Kal’s father also encouraged him to reach out to the Abbotsford Addictions Centre, another Archway program, but at the time, he wasn’t ready to stop using drugs. “The Food Bank kept me going,” he said, until he reached the point where he was ready to seek more help for himself.
On his own, Kal was stealing to support his habit, hanging out in crack shacks and sleeping in Tim Hortons and ATM lobbies. He’d hit rock bottom. Out of desperation, he robbed a gas station and ended up in jail at the North Fraser Pretrial Centre. This is where he had an encounter that lead him to become a Christian. After jail, Kal got a job with a local newspaper. On the surface, things seemed a little better but when a relationship with a girl didn’t progress the way he’d intended, he started using drugs again.
After a few weekends of using drugs again, something clicked. Kal voluntarily went to Wagner Hills Farm for a 12-month residential treatment program. He got the opportunity to dive deeper into his faith and gained a new foundation on which to rebuild his life. “It was awesome to be there,” he exclaimed. “I got a chance to have a great place to live and work on myself with people who really care. It was amazing!”
My life has always been better since that day.

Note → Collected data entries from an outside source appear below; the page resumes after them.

lemma theta_prior_coord_square:
  assumes K: "K > 0" and k0: "k0 \<in> {1..K}"
  shows "has_bochner_integral (theta_prior K :: (nat \<Rightarrow> real^'d::finite) measure)
           (\<lambda>t. (t k0 $ i0)^2) (1 / real K)"
proof -
  interpret N: prob_space "prior_coord K" by (rule prob_space_prior_coord[OF K])
  define F where "F = (\<lambda>k i. if k = k0 \<and> i = i0 then (\<lambda>x. 1 * x^2) else (\<lambda>_. 1::real))"
  have eq: "(\<lambda>t::nat \<Rightarrow> real^'d. (t k0 $ i0)^2) = coord_prod K F"
    unfolding F_def by (rule ext) (subst coord_prod_mult_coord[OF k0], simp add: coord_prod_def)
  have "has_bochner_integral (prior_coord K) (\<lambda>x. x^2) (1 / real K)"
    using normal_moment_even[OF prior_sd_pos[OF K], of 0 1] unfolding prior_coord_def
    by (intro has_bochner_integral_density) (auto simp: prior_sd_square[unfolded power2_eq_square] power2_eq_square)
  then have i: "integrable (prior_coord K) (F k i)"
    and v: "(\<integral>x. F k i x \<partial>prior_coord K) = (if k = k0 \<and> i = i0 then 1 / real K else 1)" for k i
    unfolding F_def by (auto simp: has_bochner_integral_iff N.prob_space)
  show ?thesis
    using has_bochner_integral_theta_prior_coord_prod[of K F, OF K i]
    unfolding eq v prod_prod_delta[OF finite_atLeastAtMost k0] .
qed

definition sq_norm_sum :: "nat \<Rightarrow> (nat \<Rightarrow> real^'d) \<Rightarrow> real" where
  "sq_norm_sum K \<theta> = (\<Sum>k\<in>{1..K}. (norm (\<theta> k))^2)"

lemma sq_norm_sum_nonneg: "sq_norm_sum K \<theta> \<ge> 0"
  unfolding sq_norm_sum_def by (simp add: sum_nonneg)

lemma sq_norm_sum_coords:
  "sq_norm_sum K \<theta> = (\<Sum>j\<in>{1..K} \<times> UNIV. (\<theta> (fst j) $ snd j)^2)"
  unfolding sq_norm_sum_def power2_norm_eq_inner inner_vec_def sum.cartesian_product
  by (simp add: power2_eq_square case_prod_beta)

lemma has_bochner_integral_theta_prior_sq_norm_sum:
  assumes K: "K > 0"
  shows "has_bochner_integral (theta_prior K :: (nat \<Rightarrow> real^'d::finite) measure)
           (sq_norm_sum K) (real CARD('d))"
proof -
  have "has_bochner_integral (theta_prior K :: (nat \<Rightarrow> real^'d) measure)
      (\<lambda>\<theta>. \<Sum>j\<in>{1..K} \<times> UNIV. (\<theta> (fst j) $ snd j)^2) (\<Sum>j\<in>{1..K} \<times> (UNIV::'d set). 1 / real K)"
    by (intro has_bochner_integral_sum theta_prior_coord_square[OF K]) auto
  then show ?thesis
    using K by (simp add: sq_norm_sum_coords[abs_def] card_cartesian_product)
qed

section \<open>The shifted Gaussian as a density with respect to the prior\<close>

lemma has_bochner_integral_normal_density_square:
  assumes s: "0 < s"
  shows "has_bochner_integral lborel (\<lambda>x. normal_density a s x * x^2) (s^2 + a^2)"
proof -
  have "has_bochner_integral lborel
      (\<lambda>x. normal_density a s x * (x - a)^2 + 2 * a * (normal_density a s x * (x - a))
             + a^2 * normal_density a s x) (s^2 + 2 * a * 0 + a^2 * 1)"
    using normal_moment_even[OF s, of a 0] normal_moment_odd[OF s, of a 0]
      normal_moment_even[OF s, of a 1]
    by (intro has_bochner_integral_add has_bochner_integral_mult_right) (auto simp: power2_eq_square)
  then show ?thesis
    by (simp add: power2_eq_square algebra_simps)
qed
(* For bipartite matching prophet secretary (defined in context) there exist fixed prices $\tau_1,\dots,\tau_m\ge0$ (with tie probabilities $\theta_1,\dots,\theta_m\in[0,1]$) such that the following randomized recommendation algorithm has expected welfare at least $(1-1/e)\,\mathbb{E}[\mathrm{OPT}(\mathbf v)]$: when buyer $i$ arrives with value vector $v_i$, compute $p_k(v_i)=\Pr_{\mathbf v_{-i}}[(i,k)\in\mathcal M(v_i,\mathbf v_{-i})]$ for each item $k$; select a candidate item $k$ with probability $p_k(v_i)$ (and no candidate with probability $1-\sum_kp_k(v_i)$) using independent randomness; if a candidate $k$ is selected and still unsold, offer it at price $\tau_k$, and the buyer buys it if $v_{ik}>\tau_k$, or if $v_{ik}=\tau_k$ with independent probability $\theta_k$.
   Context: Setting: $n$ unit-demand buyers and $m$ items; buyer $i$ has a random nonnegative value vector $v_i=(v_{ik})_k$, independent across buyers, and arrives at an independent uniform time $T_i\in[0,1]$. $\mathcal M(\mathbf v)$ denotes a maximum-weight matching for weights $v_{ik}$, chosen by a fixed deterministic rule, and $\mathrm{OPT}(\mathbf v)$ its weight. Welfare is the sum over buyers of $v_{ik}$ for the item $k$ each buys. *)

theory Defs
  imports "HOL-Probability.Probability"
begin

text \<open>Buyers are 0..<n, items are 0..<m. A value profile is V :: nat => nat => real,
  where V i k is buyer i's value for item k.\<close>

definition is_matching :: "nat \<Rightarrow> nat \<Rightarrow> (nat \<times> nat) set \<Rightarrow> bool" where
  "is_matching n m A \<longleftrightarrow> A \<subseteq> {..<n} \<times> {..<m} \<and>
     (\<forall>(i,k)\<in>A. \<forall>(i',k')\<in>A. (i = i' \<longleftrightarrow> k = k'))"

definition match_weight :: "(nat \<Rightarrow> nat \<Rightarrow> real) \<Rightarrow> (nat \<times> nat) set \<Rightarrow> real" where
  "match_weight V A = (\<Sum>(i,k)\<in>A. V i k)"

definition is_max_weight_matching ::
  "nat \<Rightarrow> nat \<Rightarrow> (nat \<Rightarrow> nat \<Rightarrow> real) \<Rightarrow> (nat \<times> nat) set \<Rightarrow> bool" where
  "is_max_weight_matching n m V A \<longleftrightarrow> is_matching n m A \<and>
     (\<forall>B. is_matching n m B \<longrightarrow> match_weight V B \<le> match_weight V A)"

definition value_space :: "nat \<Rightarrow> (nat \<Rightarrow> real) measure" where
  "value_space m = (\<Pi>\<^sub>M k\<in>{..<m}. borel)"

definition profile_space :: "nat \<Rightarrow> nat \<Rightarrow> (nat \<Rightarrow> nat \<Rightarrow> real) measure" where
  "profile_space n m = (\<Pi>\<^sub>M i\<in>{..<n}. value_space m)"

definition OPT :: "((nat \<Rightarrow> nat \<Rightarrow> real) \<Rightarrow> (nat \<times> nat) set) \<Rightarrow> (nat \<Rightarrow> nat \<Rightarrow> real) \<Rightarrow> real" where
  "OPT M V = match_weight V (M V)"

definition rec_prob ::
  "nat \<Rightarrow> (nat \<Rightarrow> (nat \<Rightarrow> real) measure) \<Rightarrow> ((nat \<Rightarrow> nat \<Rightarrow> real) \<Rightarrow> (nat \<times> nat) set)
     \<Rightarrow> nat \<Rightarrow> (nat \<Rightarrow> real) \<Rightarrow> nat \<Rightarrow> real" where
  "rec_prob n D M i x k =
     measure (\<Pi>\<^sub>M j\<in>{..<n}. D j) {V \<in> space (\<Pi>\<^sub>M j\<in>{..<n}. D j). (i,k) \<in> M (V(i := x))}"

text \<open>Candidate selection from a uniform u in [0,1]: item k is selected iff
  sum_{j<k} q j <= u < sum_{j<=k} q j, so with probability q k; no candidate otherwise.\<close>
definition select_cand :: "nat \<Rightarrow> (nat \<Rightarrow> real) \<Rightarrow> real \<Rightarrow> nat option" where
  "select_cand m q u =
     (if \<exists>k<m. sum q {..<k} \<le> u \<and> u < sum q {..<Suc k}
      then Some (LEAST k. k < m \<and> sum q {..<k} \<le> u \<and> u < sum q {..<Suc k})
      else None)"

text \<open>One buyer's step, given the set S of sold items and current welfare w.
  c = candidate item, t = the buyer's tie coin (uniform in [0,1]; tie broken in favour
  of buying iff t < theta k, i.e. with probability theta k).\<close>
definition buyer_step ::
  "(nat \<Rightarrow> real) \<Rightarrow> (nat \<Rightarrow> real) \<Rightarrow> (nat \<Rightarrow> real) \<Rightarrow> nat option \<Rightarrow> real
     \<Rightarrow> nat set \<times> real \<Rightarrow> nat set \<times> real" where
  "buyer_step \<tau> \<theta> x c t Sw =
     (case c of None \<Rightarrow> Sw
      | Some k \<Rightarrow>
          (if k \<notin> fst Sw \<and> (x k > \<tau> k \<or> (x k = \<tau> k \<and> t < \<theta> k))
           then (insert k (fst Sw), snd Sw + x k) else Sw))"

text \<open>Welfare of the recommendation algorithm for value profile V, arrival times T,
  candidate-selection randomness U, and tie-breaking randomness W.
  Buyers are processed in increasing order of arrival time (ties, a null event,
  broken by index via the stable sort).\<close>
definition alg_welfare ::
  "nat \<Rightarrow> nat \<Rightarrow> (nat \<Rightarrow> (nat \<Rightarrow> real) measure) \<Rightarrow> ((nat \<Rightarrow> nat \<Rightarrow> real) \<Rightarrow> (nat \<times> nat) set)
     \<Rightarrow> (nat \<Rightarrow> real) \<Rightarrow> (nat \<Rightarrow> real)
     \<Rightarrow> (nat \<Rightarrow> nat \<Rightarrow> real) \<Rightarrow> (nat \<Rightarrow> real) \<Rightarrow> (nat \<Rightarrow> real) \<Rightarrow> (nat \<Rightarrow> real) \<Rightarrow> real" where
  "alg_welfare n m D M \<tau> \<theta> V T U W =
     snd (fold (\<lambda>i. buyer_step \<tau> \<theta> (V i)
                     (select_cand m (rec_prob n D M i (V i)) (U i)) (W i))
               (sort_key T [0..<n]) ({}, 0))"

definition unif01 :: "real measure" where
  "unif01 = uniform_measure lborel {0..1}"

definition unif_vec :: "nat \<Rightarrow> (nat \<Rightarrow> real) measure" where
  "unif_vec n = (\<Pi>\<^sub>M i\<in>{..<n}. unif01)"

end

theory Submission
  imports Defs
begin

text \<open>
  Choose for every item \<open>k\<close> a price \<open>\<tau> k\<close> and a tie probability \<open>\<theta> k\<close> such that \<open>k\<close> stays
  unsold with probability exactly \<open>1/e\<close> (or at least \<open>1/e\<close> at price \<open>0\<close>); this is possible
  because the probability is monotone and right-continuous in the price, and the tie probability
  interpolates across its jumps. If \<open>a j k\<close> is the probability that buyer \<open>j\<close>, when offered \<open>k\<close>,
  buys it, then \<open>k\<close> is unsold with probability \<open>\<Prod>j. 1 - a j k\<close>, and buyer \<open>i\<close> arriving at
  time \<open>t\<close> finds \<open>k\<close> not yet taken by an earlier buyer with probability at least
  \<open>\<Prod>j\<noteq>i. 1 - t * a j k \<ge> exp (-t)\<close>.
  Welfare is revenue plus the buyers' utilities: the revenue from \<open>k\<close> is at least
  \<open>(1 - 1/e) * \<tau> k\<close>, and integrating \<open>exp (-t)\<close> over the arrival time shows that the utility of
  buyer \<open>i\<close> from \<open>k\<close> is at least \<open>(1 - 1/e) * E[(v\<^sub>i\<^sub>k - \<tau> k)\<^sup>+ * p\<^sub>k(v\<^sub>i)]\<close>. Finally
  \<open>E[OPT] \<le> \<Sum>k. \<Sum>i. E[v\<^sub>i\<^sub>k * p\<^sub>k(v\<^sub>i)]\<close> and \<open>\<Sum>i. E[p\<^sub>k(v\<^sub>i)] \<le> 1\<close>, so the two bounds add up to
  \<open>(1 - 1/e) * E[OPT]\<close>.
\<close>

lemma prob_space_unif01: "prob_space unif01"
  unfolding unif01_def by (rule prob_space_uniform_measure) auto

“…..but there was still a lot of work I needed to do,” he continued. When speaking of his faith, Kal explained that it was paramount in helping him change but didn’t exempt him from putting in the effort. And put in the effort he has. While he used to worry about his wasted years, he’s now realized that since overcoming his addiction he’s lived more in the last 12 years than he did in his first 32.
Today, Kal is happily married to Misty and they’re the parents of four young children. He’s a successful Account Manager at FirstPage Marketing in Abbotsford and serves on the Board of Directors for the Abbotsford Community Foundation, the Abbotsford Chamber of Commerce and the Kinghaven/Peardonville House Treatment Centres. He also still finds time to volunteer with Wagner Hills as well as the Archway Abbotsford Food Bank – the place that kept him from going hungry and gave him hope.
“Life is pretty good now,” he shares. “It’s never too late to live differently.” Kal shares his story not only to encourage people struggling with addiction but also to show the community the value in supporting addiction programs.
“We hear about the negative side,” he continues. “But you could line up lots of people who have been where I was and are doing well. I’m not the only one, I just have a louder voice than some.”